Насколько непопулярными были эти правила, можно увидеть из судебных разбирательств, специально назначенных для проведения их в жизнь. Они были созданы, чтобы побороть одну из самых крупных сил в мире – упрямство и независимость настоящих англичан, которые, пережив три столетия иноземного господства, стали еще более упрямыми и независимыми, чем прежде. Так, констебли Керкби в Уорикшире передали в магистраты, что Уильям Мартин долгое время не работал, а работать мог, «но наотрез отказался это делать». В Линкольншире была такая же история: Уильям, де Кеберн из Лимберга, пахарь, не шел на службу, кроме как только на несколько дней или месяц, не ел солонины, но требовал свежего мяса и, так как «никто не смел нанять его, он привык наниматься в нарушение статута нашего господина короля», он незаконно покинул город. Настолько ненавистен был механизм приведения этого закона в действие, что в Тоттенгеме в Мидлсексе, так же, как и в Нортгемптоншире и Линкольншире, судьи изгонялись из своих мест толпами разозленных рабочих. И личные интересы побуждали рабочих так же, как и работодателей, нарушать закон. «Присяжные сотни Барличвея, – говорится в протоколе Уорикширской ассизы, – представляют, что Алиса Портрив, жена Уильяма Портрива из Хенли, платит чрезмерное жалование прядильщицам. Там же, они представляют, что Джеффри де Уэлнфорд, ректор Кинетонской церкви, заплатил своим двум дворовым слугам за зиму восемь шиллингов вместе с их содержанием и ежедневной едой, которую они имели в его собственном доме»[387].

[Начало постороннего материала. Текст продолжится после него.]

(* Let $k \ge 3$ and $q \ge 0$ be integers with $k$ odd, and let $s \in \{0,1,2\}$ be the unique integer satisfying $s \equiv q + \frac{k-3}{2} \pmod 3$. Then, for any integer $n$ such that \[n \ge \max\left\{k,\frac{k^2}{6} + \frac{q-s}{3} k + s - \frac{1}{2}\right\}\] and any function $f:[n]\to \{-1,1\}$ with $|f([n])| \le q$, there is a $k$-block $B\subseteq[n]$ with $|f(B)|=1$.
   Context: $[n]=\{1,\dots,n\}$; $f(Y)=\sum_{y\in Y}f(y)$; a $k$-block is a set of $k$ consecutive integers. *)

theory Defs
  imports Main "HOL.Real"
begin

definition kblock :: "nat \<Rightarrow> nat \<Rightarrow> nat set" where
  "kblock k a = {a..<a+k}"

end

theory Submission
  imports Defs
begin

text \<open>Suppose no \<open>k\<close>-block has sum \<open>\<plusminus>1\<close>. Since \<open>k\<close> is odd every block sum is odd, and
  sliding a block by one changes its sum by at most 2, so all block sums have the same sign and
  absolute value at least 3; after replacing \<open>f\<close> by \<open>-f\<close> they are all \<open>\<ge> 3\<close>. Write
  \<open>n = m k + r\<close> with \<open>0 \<le> r < k\<close>. Cutting \<open>[n]\<close> into \<open>m\<close> blocks and \<open>r\<close> singletons gives
  \<open>f([n]) \<ge> 3m - r\<close>; cutting it into \<open>m - 1\<close> blocks and a final stretch of length \<open>k + r\<close>,
  covered by two overlapping blocks, gives \<open>f([n]) \<ge> 3(m+1) + r - k\<close>. With
  \<open>k = 2h + 3\<close> and \<open>q + h = 3t + s\<close> the hypothesis on \<open>n\<close> reads \<open>n \<ge> kt + h + 1 + s\<close>,
  and one of the two bounds always exceeds \<open>q\<close>.\<close>

lemma kblock_subset_atLeastAtMost_iff:
  "0 < k \<Longrightarrow> kblock k a \<subseteq> {1..n} \<longleftrightarrow> 1 \<le> a \<and> a + k \<le> n + 1"
  unfolding kblock_def by (cases k) (auto simp: subset_iff)

lemma sum_kblock_Suc:
  fixes f :: "nat \<Rightarrow> int"
  shows "sum f (kblock k (Suc a)) = sum f (kblock k a) - f a + f (a + k)"
proof -
  have "sum f {a..<Suc (a + k)} = f a + sum f {Suc a..<Suc (a + k)}"
    by (rule sum.atLeast_Suc_lessThan) simp
  moreover have "sum f {a..<Suc (a + k)} = sum f {a..<a + k} + f (a + k)"
    by (rule sum.atLeastLessThan_Suc) simp
  ultimately show ?thesis
    unfolding kblock_def by simp
qed

lemma sum_pm_one_odd_iff:
  fixes f :: "'a \<Rightarrow> int"
  assumes "finite A" and "\<forall>i\<in>A. f i \<in> {-1, 1}"
  shows "odd (sum f A) \<longleftrightarrow> odd (card A)"
  using assms by (induction A rule: finite_induct) auto

lemma abs_sum_pm_one_le_card:
  fixes f :: "'a \<Rightarrow> int"
  assumes "\<forall>i\<in>A. f i \<in> {-1, 1}"
  shows "\<bar>sum f A\<bar> \<le> int (card A)"
proof -
  have "\<bar>sum f A\<bar> \<le> (\<Sum>i\<in>A. \<bar>f i\<bar>)"
    by (rule sum_abs)
  also have "\<dots> = (\<Sum>i\<in>A. 1)"
    using assms by (intro sum.cong) auto
  finally show ?thesis
    by simp
qed

lemma odd_block_sum:
  fixes f :: "nat \<Rightarrow> int"
  assumes "\<forall>i\<in>{1..n}. f i \<in> {-1, 1}" and "odd k" and "kblock k a \<subseteq> {1..n}"
  shows "odd (sum f (kblock k a))"
  using assms sum_pm_one_odd_iff[of "kblock k a" f] by (auto simp: kblock_def)

lemma block_sums_ge_3_of_first_pos:
  fixes f :: "nat \<Rightarrow> int"
  assumes pm: "\<forall>i\<in>{1..n}. f i \<in> {-1, 1}" and "odd k"
    and no_unit: "\<And>a. kblock k a \<subseteq> {1..n} \<Longrightarrow> \<bar>sum f (kblock k a)\<bar> \<noteq> 1"
    and first: "0 < sum f (kblock k 1)"
    and block: "kblock k a \<subseteq> {1..n}"
  shows "3 \<le> sum f (kblock k a)"
proof -
  have k: "0 < k"
    using \<open>odd k\<close> by (cases k) auto
  have ge_3: "3 \<le> sum f (kblock k b)" if "kblock k b \<subseteq> {1..n}" "0 < sum f (kblock k b)" for b
    using odd_block_sum[OF pm \<open>odd k\<close> that(1)] no_unit[OF that(1)] that(2)
    by presburger
  have "1 \<le> a"
    using block kblock_subset_atLeastAtMost_iff[OF k] by blast
  then show ?thesis
    using block
  proof (induction a rule: nat_induct_at_least)
    case base
    then show ?case
      using ge_3 first by blast
  next
    case (Suc a)
    have bounds: "1 \<le> a" "a + k \<le> n"
      using Suc.hyps Suc.prems kblock_subset_atLeastAtMost_iff[OF k, of "Suc a" n] by simp_all
    then have block_a: "kblock k a \<subseteq> {1..n}"
      using kblock_subset_atLeastAtMost_iff[OF k, of a n] by simp
    have "f a \<in> {-1, 1}" "f (a + k) \<in> {-1, 1}"
      using pm bounds by auto
    then have "f a \<le> 1" "-1 \<le> f (a + k)"
      by auto
    then have "0 < sum f (kblock k (Suc a))"
      using Suc.IH[OF block_a] by (simp add: sum_kblock_Suc)
    then show ?case
      using ge_3 Suc.prems by blast
  qed
qed

lemma block_sums_uniform_sign:
  fixes f :: "nat \<Rightarrow> int"
  assumes pm: "\<forall>i\<in>{1..n}. f i \<in> {-1, 1}" and "odd k" and "k \<le> n"
    and no_unit: "\<And>a. kblock k a \<subseteq> {1..n} \<Longrightarrow> \<bar>sum f (kblock k a)\<bar> \<noteq> 1"
  shows "(\<forall>a. kblock k a \<subseteq> {1..n} \<longrightarrow> 3 \<le> sum f (kblock k a))
    \<or> (\<forall>a. kblock k a \<subseteq> {1..n} \<longrightarrow> 3 \<le> sum (\<lambda>i. - f i) (kblock k a))"
proof -
  have "kblock k 1 \<subseteq> {1..n}"
    using \<open>k \<le> n\<close> by (auto simp: kblock_def)
  then have "sum f (kblock k 1) \<noteq> 0"
    using odd_block_sum[OF pm \<open>odd k\<close>] by fastforce
  then consider "0 < sum f (kblock k 1)" | "0 < sum (\<lambda>i. - f i) (kblock k 1)"
    by (fastforce simp: sum_negf)
  then show ?thesis
  proof cases
    case 1
    then show ?thesis
      using block_sums_ge_3_of_first_pos[OF pm \<open>odd k\<close> no_unit] by blast
  next
    case 2
    have "\<forall>i\<in>{1..n}. - f i \<in> {-1, 1}"
      using pm by auto
    moreover have "\<bar>sum (\<lambda>i. - f i) (kblock k a)\<bar> \<noteq> 1" if "kblock k a \<subseteq> {1..n}" for a
      using no_unit[OF that] by (simp add: sum_negf)
    ultimately show ?thesis
      using block_sums_ge_3_of_first_pos[OF _ \<open>odd k\<close> _ 2] by blast
  qed
qed

lemma sum_prefix_of_blocks_ge:
  fixes f :: "nat \<Rightarrow> int"
  assumes blocks: "\<And>a. 1 \<le> a \<Longrightarrow> a + k \<le> n + 1 \<Longrightarrow> 3 \<le> sum f (kblock k a)"
  shows "j * k \<le> n \<Longrightarrow> 3 * int j \<le> sum f {1..<1 + j * k}"
proof (induction j)
  case (Suc j)
  have "sum f {1..<1 + Suc j * k} = sum f {1..<1 + j * k} + sum f (kblock k (1 + j * k))"
    unfolding kblock_def using sum.atLeastLessThan_concat[of 1 "1 + j * k" "1 + j * k + k" f]
    by (simp add: algebra_simps)
  then show ?case
    using Suc blocks[of "1 + j * k"] by simp
qed simp

lemma sum_final_segment_ge:
  fixes f :: "nat \<Rightarrow> int"
  assumes blocks: "\<And>a. 1 \<le> a \<Longrightarrow> a + k \<le> n + 1 \<Longrightarrow> 3 \<le> sum f (kblock k a)"
    and pm: "\<forall>i\<in>{1..n}. f i \<in> {-1, 1}"
    and "1 \<le> a" and "r < k" and span: "a + k + r = n + 1"
  shows "3 - int r \<le> sum f {a..<a + k + r}"
    and "6 + int r - int k \<le> sum f {a..<a + k + r}"
proof -
  have "\<forall>i\<in>{a + k..<a + k + r}. f i \<in> {-1, 1}" "\<forall>i\<in>{a + r..<a + k}. f i \<in> {-1, 1}"
    using pm \<open>1 \<le> a\<close> span by auto
  then have tail: "- int r \<le> sum f {a + k..<a + k + r}"
    and overlap: "sum f {a + r..<a + k} \<le> int (k - r)"
    using abs_sum_pm_one_le_card by (force simp: abs_le_iff)+
  have first: "3 \<le> sum f {a..<a + k}" and second: "3 \<le> sum f {a + r..<a + r + k}"
    using blocks[of a] blocks[of "a + r"] \<open>1 \<le> a\<close> span by (auto simp: kblock_def)
  have split_first: "sum f {a..<a + k + r} = sum f {a..<a + k} + sum f {a + k..<a + k + r}"
    by (simp add: sum.atLeastLessThan_concat)
  moreover have "sum f {a..<a + k} = sum f {a..<a + r} + sum f {a + r..<a + k}"
    using \<open>r < k\<close> by (simp add: sum.atLeastLessThan_concat)
  moreover have "sum f {a..<a + k + r} = sum f {a..<a + r} + sum f {a + r..<a + r + k}"
    by (simp add: sum.atLeastLessThan_concat add.commute add.left_commute)
  ultimately show "6 + int r - int k \<le> sum f {a..<a + k + r}"
    using tail overlap first second \<open>r < k\<close> by (simp add: of_nat_diff)
  show "3 - int r \<le> sum f {a..<a + k + r}"
    using split_first tail first by simp
qed

lemma sum_ge_of_block_sums_ge_3:
  fixes f :: "nat \<Rightarrow> int"
  assumes blocks: "\<And>a. 1 \<le> a \<Longrightarrow> a + k \<le> n + 1 \<Longrightarrow> 3 \<le> sum f (kblock k a)"
    and pm: "\<forall>i\<in>{1..n}. f i \<in> {-1, 1}"
    and "k \<le> n" and "0 < k"
  shows "3 * int (n div k) - int (n mod k) \<le> sum f {1..n}"
    and "3 * int (n div k) + int (n mod k) - int k + 3 \<le> sum f {1..n}"
proof -
  obtain j where j: "n div k = Suc j"
    using \<open>k \<le> n\<close> \<open>0 < k\<close> by (cases "n div k") (auto simp: div_eq_0_iff)
  define r where "r = n mod k"
  have span: "(1 + j * k) + k + r = n + 1"
    using j div_mult_mod_eq[of n k] unfolding r_def by simp
  have prefix: "3 * int j \<le> sum f {1..<1 + j * k}"
    using sum_prefix_of_blocks_ge[OF blocks] span by simp
  have "sum f {1..n} = sum f {1..<1 + j * k} + sum f {1 + j * k..<1 + j * k + k + r}"
    using span sum.atLeastLessThan_concat[of 1 "1 + j * k" "1 + j * k + k + r" f]
    by (simp add: atLeastLessThanSuc_atLeastAtMost[symmetric])
  then show "3 * int (n div k) - int (n mod k) \<le> sum f {1..n}"
    and "3 * int (n div k) + int (n mod k) - int k + 3 \<le> sum f {1..n}"
    using prefix sum_final_segment_ge[OF blocks pm _ _ span] \<open>0 < k\<close> j
    unfolding r_def by simp_all
qed

lemma block_bounds_exceed_q:
  fixes T :: int and k h q t s n :: nat
  assumes k: "k = 2 * h + 3" and q: "q + h = 3 * t + s" and "s \<le> 2"
    and n: "k * t + h + 1 + s \<le> n"
    and whole_blocks: "3 * int (n div k) - int (n mod k) \<le> T"
    and overlapping_end: "3 * int (n div k) + int (n mod k) - int k + 3 \<le> T"
  shows "int q < T"
proof -
  define m where "m = n div k"
  define r where "r = n mod k"
  have n_eq: "n = m * k + r" and "r < k"
    unfolding m_def r_def using k div_mult_mod_eq[of n k] by simp_all
  consider "m < t" | "m = t" | "t < m"
    by linarith
  then show ?thesis
  proof cases
    case 1
    then have "(m + 1) * k \<le> t * k"
      by (intro mult_le_mono1) simp
    then show ?thesis
      using n n_eq \<open>r < k\<close> by (simp add: algebra_simps)
  next
    case 2
    then have "h + 1 + s \<le> r"
      using n n_eq by (simp add: algebra_simps)
    then show ?thesis
      using overlapping_end q k 2 unfolding m_def[symmetric] r_def[symmetric] by linarith
  next
    case 3
    then show ?thesis
      using whole_blocks overlapping_end q k \<open>s \<le> 2\<close>
      unfolding m_def[symmetric] r_def[symmetric] by linarith
  qed
qed

lemma threshold_as_nat:
  fixes k h q t s n :: nat
  assumes "k = 2 * h + 3" and "q + h = 3 * t + s"
    and "(real k)^2 / 6 + (real q - real s) / 3 * real k + real s - 1/2 \<le> real n"
  shows "k * t + h + 1 + s \<le> n"
proof -
  have q: "real q = 3 * real t + real s - real h"
    using arg_cong[OF assms(2), of real] by simp
  have "(real k)^2 / 6 + (real q - real s) / 3 * real k + real s - 1/2 = real (k * t + h + 1 + s)"
    unfolding q using assms(1) by (simp add: power2_eq_square field_simps)
  then show ?thesis
    using assms(3) by linarith
qed

lemma sum_gt_of_block_sums_ge_3:
  fixes f :: "nat \<Rightarrow> int"
  assumes "k = 2 * h + 3" and "q + h = 3 * t + s" and "s \<le> 2" and "k * t + h + 1 + s \<le> n"
    and "k \<le> n" and pm: "\<forall>i\<in>{1..n}. f i \<in> {-1, 1}"
    and blocks: "\<And>a. kblock k a \<subseteq> {1..n} \<Longrightarrow> 3 \<le> sum f (kblock k a)"
  shows "int q < sum f {1..n}"
proof -
  have "0 < k"
    using assms(1) by simp
  then have "3 \<le> sum f (kblock k a)" if "1 \<le> a" "a + k \<le> n + 1" for a
    using blocks kblock_subset_atLeastAtMost_iff that by blast
  then show ?thesis
    using block_bounds_exceed_q[OF assms(1-4) sum_ge_of_block_sums_ge_3[OF _ pm \<open>k \<le> n\<close> \<open>0 < k\<close>]]
    by blast
qed

theorem corollary2p4:
  fixes k q n :: nat and s :: nat and f :: "nat \<Rightarrow> int"
  assumes "k \<ge> 3" and "odd k"
    and "s = (q + (k - 3) div 2) mod 3"
    and "n \<ge> k"
    and "real n \<ge> (real k)^2 / 6 + (real q - real s) / 3 * real k + real s - 1/2"
    and "\<forall>i\<in>{1..n}. f i \<in> {-1, 1}"
    and "\<bar>\<Sum>i\<in>{1..n}. f i\<bar> \<le> int q"
  shows "\<exists>a. kblock k a \<subseteq> {1..n} \<and> \<bar>\<Sum>i\<in>kblock k a. f i\<bar> = 1"
proof (rule ccontr)
  assume "\<not> ?thesis"
  then have no_unit: "\<And>a. kblock k a \<subseteq> {1..n} \<Longrightarrow> \<bar>sum f (kblock k a)\<bar> \<noteq> 1"
    by blast
  define h where "h = (k - 3) div 2"
  define t where "t = (q + h) div 3"
  have k: "k = 2 * h + 3"
    using assms(1,2) unfolding h_def by (auto elim!: oddE)
  have qt: "q + h = 3 * t + s" and "s \<le> 2"
    using assms(3) unfolding t_def h_def by simp_all
  have n_large: "k * t + h + 1 + s \<le> n"
    using threshold_as_nat[OF k qt assms(5)] .
  from block_sums_uniform_sign[OF assms(6,2,4) no_unit] show False
  proof
    assume "\<forall>a. kblock k a \<subseteq> {1..n} \<longrightarrow> 3 \<le> sum f (kblock k a)"
    then have "int q < sum f {1..n}"
      using sum_gt_of_block_sums_ge_3[OF k qt \<open>s \<le> 2\<close> n_large assms(4,6)] by blast
    then show False
      using assms(7) by simp
  next
    assume "\<forall>a. kblock k a \<subseteq> {1..n} \<longrightarrow> 3 \<le> sum (\<lambda>i. - f i) (kblock k a)"
    moreover have "\<forall>i\<in>{1..n}. - f i \<in> {-1, 1}"
      using assms(6) by auto
    ultimately have "int q < sum (\<lambda>i. - f i) {1..n}"
      using sum_gt_of_block_sums_ge_3[OF k qt \<open>s \<le> 2\<close> n_large assms(4), of "\<lambda>i. - f i"] by blast
    then show False
      using assms(7) by (simp add: sum_negf)
  qed
qed

end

Исключительно эгоистичное, каковым такое законодательство и было, и за это очень резко осуждалось, принимая во внимание повсеместное падение ренты, землевладельцы, в особенности мелкие, столкнулись с очень серьезными трудностями. В 1353 году, спустя четыре года после Черной Смерти, 25 нортумберлендских приходов все еще были не в состоянии платить какие бы то ни было налоги, в то время как на другом конце страны управляющий принца Уэльского в Корнуолле докладывал, что на протяжении двух лет он не смог получить какие-либо поборы в любой части герцогства из-за «недостатка держателей, которые умерли во времена смертельной болезни». В том же году шериф Бедвордшира и Бекингемшира потребовал назад из казначейства деньги, выплаченные в предыдущем году сотнями за фермы, бейлифы же этих сотен, в свою очередь, отказались собирать их на обычных условиях из-за падения своих доходов[388].

При этом даже в 1354 году вице-шериф Камберленда жаловался, что большая часть манориальных земель королевского замка Карлайл все еще находилась в запустении и лежала необработанной «по причине смертельной болезни, недавно свирепствовавшей в этих землях», замечательный показатель того, как быстро страна оживала после этого испытания. Несмотря на то, что смертность была выше, чем ожидаемая сегодня от ядерной войны, Англия показала удивительную стойкость. В произведении величайшего английского поэта той эпохи присутствует только одно упоминание, да и то косвенное, о Черной Смерти, которая три раза пронеслась по Англии во времена его юности и ранней зрелости. Но люди тогда были гораздо больше привычны к смерти, нежели теперь, а Чосер вырос в качестве пажа при королевском дворе, который почти полностью избежал судьбы, постигшей остальную часть общества. Даже в день Св. Георга 1349 года, когда чума все еще свирепствовала в Лондоне, первая служба Ордена Подвязки состоялась в Виндзоре, каждый рыцарь с плюмажем и в голубой мантии подвязки занял свое место; великолепный двуручный меч, с которым король появился в этот день, все еще висит позади алтаря церкви Св. Георга.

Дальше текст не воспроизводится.